(* Let $n\ge2$ and $k\ge1$ be integers, and let $(S^n,g_0)$ be the round unit sphere $S^n\subset\mathbb{R}^{n+1}$. Let $x^0,\dots,x^n$ be the restrictions to $S^n$ of the standard coordinates of $\mathbb{R}^{n+1}$. Then for all $u\in C^\infty(S^n)$, \[ \sum_{i=0}^n x^i\bigl(L_{2k}(x^iu) - x^iL_{2k}(u)\bigr) = k(n+2k-2)\,L_{2k-2}u . \]
   Context: $\Delta$ is the (nonpositive) Laplace–Beltrami operator of $g_0$. For an integer $m\ge1$, $L_{2m}:=\prod_{j=1}^m\bigl(-\Delta+\tfrac{(n-2j)(n+2j-2)}{4}\bigr)$ (the GJMS operator on the round sphere), and $L_0$ is the identity operator. *)

theory Defs
  imports "HOL-Analysis.Analysis"
begin

text \<open>Functions on the round sphere S^n \<subseteq> R^(n+1) are represented as functions
  u :: real^'n \<Rightarrow> real, with CARD('n) = n+1; only their values on sphere 0 1 matter.\<close>

definition partial_deriv :: "'n::finite \<Rightarrow> (real^'n \<Rightarrow> real) \<Rightarrow> real^'n \<Rightarrow> real" where
  "partial_deriv i f x = deriv (\<lambda>t. f (x + t *\<^sub>R axis i 1)) 0"

fun iter_partial :: "'n::finite list \<Rightarrow> (real^'n \<Rightarrow> real) \<Rightarrow> real^'n \<Rightarrow> real" where
  "iter_partial [] f = f"
| "iter_partial (i # is) f = partial_deriv i (iter_partial is f)"

definition smooth_on :: "(real^'n::finite) set \<Rightarrow> (real^'n \<Rightarrow> real) \<Rightarrow> bool" where
  "smooth_on S f \<longleftrightarrow>
     (\<forall>is. continuous_on S (iter_partial is f) \<and>
       (\<forall>i. \<forall>x\<in>S. (\<lambda>t. iter_partial is f (x + t *\<^sub>R axis i 1)) differentiable (at 0)))"

definition hom_ext :: "(real^'n::finite \<Rightarrow> real) \<Rightarrow> real^'n \<Rightarrow> real" where
  "hom_ext u y = u (y /\<^sub>R norm y)"

text \<open>u \<in> C^\<infinity>(S^n): its zero-homogeneous extension is smooth on R^(n+1) - {0}.\<close>
definition smooth_on_sphere :: "(real^'n::finite \<Rightarrow> real) \<Rightarrow> bool" where
  "smooth_on_sphere u \<longleftrightarrow> smooth_on (- {0}) (hom_ext u)"

definition euclid_laplacian :: "(real^'n::finite \<Rightarrow> real) \<Rightarrow> real^'n \<Rightarrow> real" where
  "euclid_laplacian f x = (\<Sum>i\<in>UNIV. partial_deriv i (partial_deriv i f) x)"

text \<open>(Nonpositive) Laplace-Beltrami operator of the round metric, evaluated at points of
  the unit sphere: Laplacian of the zero-homogeneous extension.\<close>
definition sphere_laplacian :: "(real^'n::finite \<Rightarrow> real) \<Rightarrow> real^'n \<Rightarrow> real" where
  "sphere_laplacian u x = euclid_laplacian (hom_ext u) x"

definition sph_dim :: "'n::finite itself \<Rightarrow> real" where
  "sph_dim _ = real CARD('n) - 1"

text \<open>GJMS operator L_{2m} = prod_{j=1}^m (-\<Delta> + (n-2j)(n+2j-2)/4), L_0 = id.\<close>
fun gjms :: "nat \<Rightarrow> (real^'n::finite \<Rightarrow> real) \<Rightarrow> real^'n \<Rightarrow> real" where
  "gjms 0 u = u"
| "gjms (Suc m) u =
     (\<lambda>x. - sphere_laplacian (gjms m u) x
          + ((sph_dim TYPE('n) - 2 * real (Suc m)) * (sph_dim TYPE('n) + 2 * real (Suc m) - 2) / 4)
            * gjms m u x)"

end

(*
  Extend functions on the sphere zero-homogeneously to the punctured space. For an a-homogeneous G
  with restriction g, the product rule for |y| powr -a * G and Euler's identity give
  \<Delta>g = \<Delta>G - a (a + n - 1) G on the sphere, and the tangential derivatives T_i g are the
  Euclidean partial derivatives of the extension. From this one gets, for smooth h,
    \<Delta>(x_i h) = x_i \<Delta>h + 2 T_i h - n x_i h,          \<Sum>_i x_i T_i h = 0,
    \<Sum>_i T_i (x_i h) = n h,          \<Delta>(T_i h) = T_i \<Delta>h + (n - 2) T_i h - 2 x_i \<Delta>h,
  the last one by the symmetry of second derivatives. Summed over i, they show that
  Q_m = \<Sum>_i x_i L_2m (x_i u) and R_m = \<Sum>_i T_i L_2m (x_i u) satisfy a closed linear recursion
  in m, and induction gives Q_m = L_2m u + m (n + 2m - 2) L_(2m-2) u. As \<Sum>_i x_i^2 = 1 on the
  sphere, this is the claim.
*)

theory Submission
  imports Defs
begin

> [Task instructions]: The records above are to be duplicated exactly, every one of them.

> [Solution to this exercise]:
(* Let $n\ge2$ and $k\ge1$ be integers, and let $(S^n,g_0)$ be the round unit sphere $S^n\subset\mathbb{R}^{n+1}$. Let $x^0,\dots,x^n$ be the restrictions to $S^n$ of the standard coordinates of $\mathbb{R}^{n+1}$. Then for all $u\in C^\infty(S^n)$, \[ \sum_{i=0}^n x^i\bigl(L_{2k}(x^iu) - x^iL_{2k}(u)\bigr) = k(n+2k-2)\,L_{2k-2}u . \]
   Context: $\Delta$ is the (nonpositive) Laplace–Beltrami operator of $g_0$. For an integer $m\ge1$, $L_{2m}:=\prod_{j=1}^m\bigl(-\Delta+\tfrac{(n-2j)(n+2j-2)}{4}\bigr)$ (the GJMS operator on the round sphere), and $L_0$ is the identity operator. *)

theory Defs
  imports "HOL-Analysis.Analysis"
begin

text \<open>Functions on the round sphere S^n \<subseteq> R^(n+1) are represented as functions
  u :: real^'n \<Rightarrow> real, with CARD('n) = n+1; only their values on sphere 0 1 matter.\<close>

definition partial_deriv :: "'n::finite \<Rightarrow> (real^'n \<Rightarrow> real) \<Rightarrow> real^'n \<Rightarrow> real" where
  "partial_deriv i f x = deriv (\<lambda>t. f (x + t *\<^sub>R axis i 1)) 0"

fun iter_partial :: "'n::finite list \<Rightarrow> (real^'n \<Rightarrow> real) \<Rightarrow> real^'n \<Rightarrow> real" where
  "iter_partial [] f = f"
| "iter_partial (i # is) f = partial_deriv i (iter_partial is f)"

definition smooth_on :: "(real^'n::finite) set \<Rightarrow> (real^'n \<Rightarrow> real) \<Rightarrow> bool" where
  "smooth_on S f \<longleftrightarrow>
     (\<forall>is. continuous_on S (iter_partial is f) \<and>
       (\<forall>i. \<forall>x\<in>S. (\<lambda>t. iter_partial is f (x + t *\<^sub>R axis i 1)) differentiable (at 0)))"

definition hom_ext :: "(real^'n::finite \<Rightarrow> real) \<Rightarrow> real^'n \<Rightarrow> real" where
  "hom_ext u y = u (y /\<^sub>R norm y)"

text \<open>u \<in> C^\<infinity>(S^n): its zero-homogeneous extension is smooth on R^(n+1) - {0}.\<close>
definition smooth_on_sphere :: "(real^'n::finite \<Rightarrow> real) \<Rightarrow> bool" where
  "smooth_on_sphere u \<longleftrightarrow> smooth_on (- {0}) (hom_ext u)"

definition euclid_laplacian :: "(real^'n::finite \<Rightarrow> real) \<Rightarrow> real^'n \<Rightarrow> real" where
  "euclid_laplacian f x = (\<Sum>i\<in>UNIV. partial_deriv i (partial_deriv i f) x)"

text \<open>(Nonpositive) Laplace-Beltrami operator of the round metric, evaluated at points of
  the unit sphere: Laplacian of the zero-homogeneous extension.\<close>
definition sphere_laplacian :: "(real^'n::finite \<Rightarrow> real) \<Rightarrow> real^'n \<Rightarrow> real" where
  "sphere_laplacian u x = euclid_laplacian (hom_ext u) x"

definition sph_dim :: "'n::finite itself \<Rightarrow> real" where
  "sph_dim _ = real CARD('n) - 1"

text \<open>GJMS operator L_{2m} = prod_{j=1}^m (-\<Delta> + (n-2j)(n+2j-2)/4), L_0 = id.\<close>
fun gjms :: "nat \<Rightarrow> (real^'n::finite \<Rightarrow> real) \<Rightarrow> real^'n \<Rightarrow> real" where
  "gjms 0 u = u"
| "gjms (Suc m) u =
     (\<lambda>x. - sphere_laplacian (gjms m u) x
          + ((sph_dim TYPE('n) - 2 * real (Suc m)) * (sph_dim TYPE('n) + 2 * real (Suc m) - 2) / 4)
            * gjms m u x)"

end

(*
  Extend functions on the sphere zero-homogeneously to the punctured space. For an a-homogeneous G
  with restriction g, the product rule for |y| powr -a * G and Euler's identity give
  \<Delta>g = \<Delta>G - a (a + n - 1) G on the sphere, and the tangential derivatives T_i g are the
  Euclidean partial derivatives of the extension. From this one gets, for smooth h,
    \<Delta>(x_i h) = x_i \<Delta>h + 2 T_i h - n x_i h,          \<Sum>_i x_i T_i h = 0,
    \<Sum>_i T_i (x_i h) = n h,          \<Delta>(T_i h) = T_i \<Delta>h + (n - 2) T_i h - 2 x_i \<Delta>h,
  the last one by the symmetry of second derivatives. Summed over i, they show that
  Q_m = \<Sum>_i x_i L_2m (x_i u) and R_m = \<Sum>_i T_i L_2m (x_i u) satisfy a closed linear recursion
  in m, and induction gives Q_m = L_2m u + m (n + 2m - 2) L_(2m-2) u. As \<Sum>_i x_i^2 = 1 on the
  sphere, this is the claim.
*)

theory Submission
  imports Defs
begin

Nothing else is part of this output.